McGill was the first university in Canada to offer a full-time program in urban planning. An interdisciplinary program through which students combined a master's degree in their original field was combined with urban planning was established in 1947. An autonomous program was established in 1972. In 1976, the School of Urban Planning was established as a unit within the Faculty of Engineering.

The School offers three Master of Urban Planning programs (a Core Program, with a concentration in Transportation Planning, and with a Concentration in Urban Design) and a Ph.D. in Urban Planning, Policy, and Design program.
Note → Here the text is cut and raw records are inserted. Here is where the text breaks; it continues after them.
lemma integrable_displacement_sq:
  assumes t: "1 \<le> t"
  shows "integrable M (\<lambda>\<omega>. (norm (X t \<omega> - X (t - 1) \<omega>))\<^sup>2)"
proof (rule integrable_abs_le)
  let ?n = "\<lambda>\<omega>. real (N t \<omega>)" and ?W = "noise_bound t"
  \<comment> \<open>the bound of epoch_displacement_sq_le with subopt_bound (t - 1) inserted, multiplied out\<close>
  define bound where "bound \<omega> = 2 * (eta t)\<^sup>2 * (?W\<^sup>2 + 2 * L * (f x0 - f xstar)) * (?n \<omega>)\<^sup>2
      + 4 * L * (eta t)\<^sup>2 * (\<Sum>r\<in>{1..t - 1}. eta r * (noise_bound r)\<^sup>2 * ((?n \<omega>)\<^sup>2 * real (N r \<omega>)))
      + 4 * L * (eta t) ^ 3 * ?W\<^sup>2 * ?n \<omega> ^ 3" for \<omega>
  show "integrable M bound"
    unfolding bound_def using integrable_N_power[OF t] integrable_N_sq_mult[OF t]
    by (intro Bochner_Integration.integrable_add integrable_sum integrable_mult_right) auto
  fix \<omega>
  assume \<omega>: "\<omega> \<in> space M"
  have "(norm (X t \<omega> - X (t - 1) \<omega>))\<^sup>2 \<le> 2 * (?n \<omega>)\<^sup>2 * (eta t)\<^sup>2 *
           (2 * L * (f (X (t - 1) \<omega>) - f xstar + ?n \<omega> * eta t * ?W\<^sup>2) + ?W\<^sup>2)"
    by (rule epoch_displacement_sq_le[OF t \<omega>])
  also have "\<dots> \<le> 2 * (?n \<omega>)\<^sup>2 * (eta t)\<^sup>2 *
           (2 * L * (subopt_bound (t - 1) \<omega> + ?n \<omega> * eta t * ?W\<^sup>2) + ?W\<^sup>2)"
    using suboptimality_le_subopt_bound[OF \<omega>, of "t - 1"] L_nonneg
    by (intro mult_left_mono add_right_mono) auto
  also have "\<dots> = bound \<omega>"
    by (simp add: bound_def subopt_bound_def sum_distrib_left algebra_simps power2_eq_square power3_eq_cube)
  finally show "\<bar>(norm (X t \<omega> - X (t - 1) \<omega>))\<^sup>2\<bar> \<le> bound \<omega>"
    by simp
qed measurable

lemma integrable_error_inner:
  assumes t: "1 \<le> t" and v: "integrable M (\<lambda>\<omega>. (norm (v \<omega>))\<^sup>2)" "v \<in> borel_measurable M"
  shows "integrable M (\<lambda>\<omega>. \<bar>(mu t \<omega> - gf (X (t - 1) \<omega>)) \<bullet> v \<omega>\<bar>)"
proof (rule integrable_abs_le)
  show "integrable M (\<lambda>\<omega>. err_bound t * (1 + (norm (v \<omega>))\<^sup>2))"
    using v(1) by simp
  show "(\<lambda>\<omega>. \<bar>(mu t \<omega> - gf (X (t - 1) \<omega>)) \<bullet> v \<omega>\<bar>) \<in> borel_measurable M"
    using mu_meas[OF t] v(2) by measurable
  fix \<omega>
  assume "\<omega> \<in> space M"
  then show "\<bar>\<bar>(mu t \<omega> - gf (X (t - 1) \<omega>)) \<bullet> v \<omega>\<bar>\<bar> \<le> err_bound t * (1 + (norm (v \<omega>))\<^sup>2)"
    using abs_inner_le_one_plus_sq[OF mu_error_le[OF t]] by simp
qed

end

theorem lemma8:
  fixes f0 :: "'a::euclidean_space \<Rightarrow> 'b \<Rightarrow> real"   \<comment> \<open>f(x;\<xi>)\<close>
    and g :: "'a \<Rightarrow> 'b \<Rightarrow> 'a"                         \<comment> \<open>\<nabla>f(x;\<xi>)\<close>
    and f :: "'a \<Rightarrow> real" and gf :: "'a \<Rightarrow> 'a"          \<comment> \<open>f and \<nabla>f\<close>
    and D :: "'b measure" and L V :: real and xstar x0 :: 'a
    and K :: nat and G :: "nat set" and alpha delta :: real
    and B :: "nat \<Rightarrow> nat" and eta :: "nat \<Rightarrow> real"
    and M :: "'w measure"
    and xi :: "nat \<Rightarrow> nat \<Rightarrow> nat \<Rightarrow> 'w \<Rightarrow> 'b"        \<comment> \<open>xi t k i = \<xi>_{t,i}^{(k)}\<close>
    and zeta :: "nat \<Rightarrow> nat \<Rightarrow> 'w \<Rightarrow> 'b"             \<comment> \<open>zeta t n = \<xi>_n^t\<close>
    and N :: "nat \<Rightarrow> 'w \<Rightarrow> nat"
    and mun :: "nat \<Rightarrow> nat \<Rightarrow> 'w \<Rightarrow> 'a"              \<comment> \<open>mun t k = \<mu>_t^{(k)}\<close>
    and mu :: "nat \<Rightarrow> 'w \<Rightarrow> 'a"                     \<comment> \<open>\<mu>_t\<close>
    and x :: "nat \<Rightarrow> nat \<Rightarrow> 'w \<Rightarrow> 'a"                \<comment> \<open>x t n = x_n^t\<close>
    and X :: "nat \<Rightarrow> 'w \<Rightarrow> 'a"                      \<comment> \<open>X t = x~_t\<close>
  assumes D_prob: "prob_space D"
    and f0_int: "\<And>y. integrable D (f0 y)"
    and f_def: "\<And>y. f y = (\<integral>\<xi>. f0 y \<xi> \<partial>D)"
    and f0_deriv: "\<And>y \<xi>. \<xi> \<in> space D \<Longrightarrow> ((\<lambda>z. f0 z \<xi>) has_derivative (\<lambda>h. g y \<xi> \<bullet> h)) (at y)"
    and g_lip: "\<And>y z \<xi>. \<xi> \<in> space D \<Longrightarrow> norm (g y \<xi> - g z \<xi>) \<le> L * norm (y - z)"
    and f_deriv: "\<And>y. (f has_derivative (\<lambda>h. gf y \<bullet> h)) (at y)"
    and gf_lip: "\<And>y z. norm (gf y - gf z) \<le> L * norm (y - z)"
    and g_var: "\<And>y \<xi>. \<xi> \<in> space D \<Longrightarrow> norm (g y \<xi> - gf y) \<le> V"
    and g_meas: "(\<lambda>(y, \<xi>). g y \<xi>) \<in> borel_measurable (borel \<Otimes>\<^sub>M D)"
    and xstar_min: "\<And>y. f xstar \<le> f y"
    and K_pos: "0 < K"
    and G_sub: "G \<subseteq> {..<K}"
    and G_card: "real (card G) \<ge> (1 - alpha) * real K"
    and alpha: "0 \<le> alpha" "alpha < 1 / 2"
    and delta: "0 < delta" "delta < 1"
    and B_pos: "\<And>t. 0 < B t"
    and eta_pos: "\<And>t. 0 < eta t"
    and eta_le: "\<And>t. 3 * L * real (B t) powr (2 / 3) * eta t \<le> 1"
    and M_prob: "prob_space M"
    and xi_rv: "\<And>t k i. 1 \<le> t \<Longrightarrow> k \<in> G \<Longrightarrow> i < B t \<Longrightarrow>
                  xi t k i \<in> measurable M D \<and> distr M D (xi t k i) = D"
    and zeta_rv: "\<And>t n. 1 \<le> t \<Longrightarrow> zeta t n \<in> measurable M D \<and> distr M D (zeta t n) = D"
    and N_rv: "\<And>t. 1 \<le> t \<Longrightarrow> N t \<in> measurable M (count_space UNIV)"
    and N_geom: "\<And>t n. 1 \<le> t \<Longrightarrow>
                  measure M {\<omega> \<in> space M. N t \<omega> = n}
                    = (1 / (real (B t) + 1)) * (real (B t) / (real (B t) + 1)) ^ n"
    and indep: "prob_space.indep_sets M
                  (\<lambda>j. case j of
                      Samp t k i \<Rightarrow> gen_events M (xi t k i) D
                    | Inner t n \<Rightarrow> gen_events M (zeta t n) D
                    | Geo t \<Rightarrow> gen_events M (N t) (count_space UNIV))
                  ({Samp t k i | t k i. 1 \<le> t \<and> k \<in> G \<and> i < B t}
                   \<union> {Inner t n | t n. 1 \<le> t} \<union> {Geo t | t. 1 \<le> t})"
    and X0: "\<And>\<omega>. \<omega> \<in> space M \<Longrightarrow> X 0 \<omega> = x0"
    and honest: "\<And>t k \<omega>. 1 \<le> t \<Longrightarrow> k \<in> G \<Longrightarrow> \<omega> \<in> space M \<Longrightarrow>
                  mun t k \<omega> = (1 / real (B t)) *\<^sub>R (\<Sum>i<B t. g (X (t - 1) \<omega>) (xi t k i \<omega>))"
    and byz_meas: "\<And>t k. 1 \<le> t \<Longrightarrow> k < K \<Longrightarrow> k \<notin> G \<Longrightarrow> mun t k \<in> borel_measurable M"
    and agg: "\<And>t \<omega>. 1 \<le> t \<Longrightarrow> \<omega> \<in> space M \<Longrightarrow>
                  agg_output (\<lambda>k. mun t k \<omega>) K alpha
                    (2 * V * sqrt (2 * ln (2 * real K / delta) / real (B t))) V (mu t \<omega>)"
    and mu_meas: "\<And>t. 1 \<le> t \<Longrightarrow> mu t \<in> borel_measurable M"
    and x_0: "\<And>t \<omega>. 1 \<le> t \<Longrightarrow> \<omega> \<in> space M \<Longrightarrow> x t 0 \<omega> = X (t - 1) \<omega>"
    and x_step: "\<And>t n \<omega>. 1 \<le> t \<Longrightarrow> \<omega> \<in> space M \<Longrightarrow>
                  x t (Suc n) \<omega> = x t n \<omega> - eta t *\<^sub>R
                    (g (x t n \<omega>) (zeta t n \<omega>) - g (X (t - 1) \<omega>) (zeta t n \<omega>) + mu t \<omega>)"
    and X_out: "\<And>t \<omega>. 1 \<le> t \<Longrightarrow> \<omega> \<in> space M \<Longrightarrow> X t \<omega> = x t (N t \<omega>) \<omega>"
  shows "\<forall>t\<ge>1.
           integrable M (\<lambda>\<omega>. (norm (X t \<omega> - X (t - 1) \<omega>))\<^sup>2)
         \<and> integrable M (\<lambda>\<omega>. f (X t \<omega>) - f xstar)
         \<and> integrable M (\<lambda>\<omega>. (norm (gf (X t \<omega>)))\<^sup>2)
         \<and> integrable M (\<lambda>\<omega>. \<bar>(mu t \<omega> - gf (X (t - 1) \<omega>)) \<bullet> (X t \<omega> - X (t - 1) \<omega>)\<bar>)
         \<and> integrable M (\<lambda>\<omega>. \<bar>(mu t \<omega> - gf (X (t - 1) \<omega>)) \<bullet> gf (X t \<omega>)\<bar>)"
proof -
  interpret byzantine_svrg g f gf D L V xstar x0 K G alpha delta B eta M xi zeta N mun mu x X
    by (rule byzantine_svrg.intro) (rule assms conjunct1[OF xi_rv] conjunct1[OF zeta_rv] | assumption)+
  show ?thesis
  proof (intro allI impI conjI)
    fix t :: nat
    assume t: "1 \<le> t"
    show "integrable M (\<lambda>\<omega>. (norm (X t \<omega> - X (t - 1) \<omega>))\<^sup>2)"
      using t by (rule integrable_displacement_sq)
    show "integrable M (\<lambda>\<omega>. f (X t \<omega>) - f xstar)"
      by (rule integrable_suboptimality)
    show "integrable M (\<lambda>\<omega>. (norm (gf (X t \<omega>)))\<^sup>2)"
      by (rule integrable_norm_gf_sq)
    show "integrable M (\<lambda>\<omega>. \<bar>(mu t \<omega> - gf (X (t - 1) \<omega>)) \<bullet> (X t \<omega> - X (t - 1) \<omega>)\<bar>)"
      using t integrable_displacement_sq[OF t] by (rule integrable_error_inner) measurable
    show "integrable M (\<lambda>\<omega>. \<bar>(mu t \<omega> - gf (X (t - 1) \<omega>)) \<bullet> gf (X t \<omega>)\<bar>)"
      using t integrable_norm_gf_sq by (rule integrable_error_inner) measurable
  qed
qed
Major research areas include the Community-University Research Alliance (CURA), Transportation Research at McGill (TRAM), and Whole-corridor Urban Design Strategies (WCUDS).

=== Peter Guo-hua Fu School of Architecture ===
Founded in 1896, McGill's School of Architecture is among the oldest architecture schools in North America, offering professional and post-professional programs from undergraduate through to PhD levels. The School has established an international reputation and a record of producing leading professionals and researchers, with McGill alumni practicing and teaching in firms and institutions across the nation and the globe. It is housed in the Macdonald-Harrington Building, designed by Montreal architect Andrew Taylor.
The School of Architecture has produced renowned architects, including Arthur Erickson, Moshe Safdie, Melvin Charney, Raymond Affleck, Catherine Wisnicki, Blanche van Ginkel, Witold Rybczynski, and Raymond Moriyama; leading Montreal-based architects such as Howard Davies and Anne Cormier of Atelier Big City and Annie Lebel of In Situ; Julia Gerzovitz and Alain Founier of EVOQ, Danny Pearl and Mark Poddubuik of L’OEUF as well as contemporary international architects such as Adam Caruso (London), Amale Andraos (Work Architecture, New York), Eric Bunge (nArchitects, New York), and Todd Saunders (Bergen, Norway).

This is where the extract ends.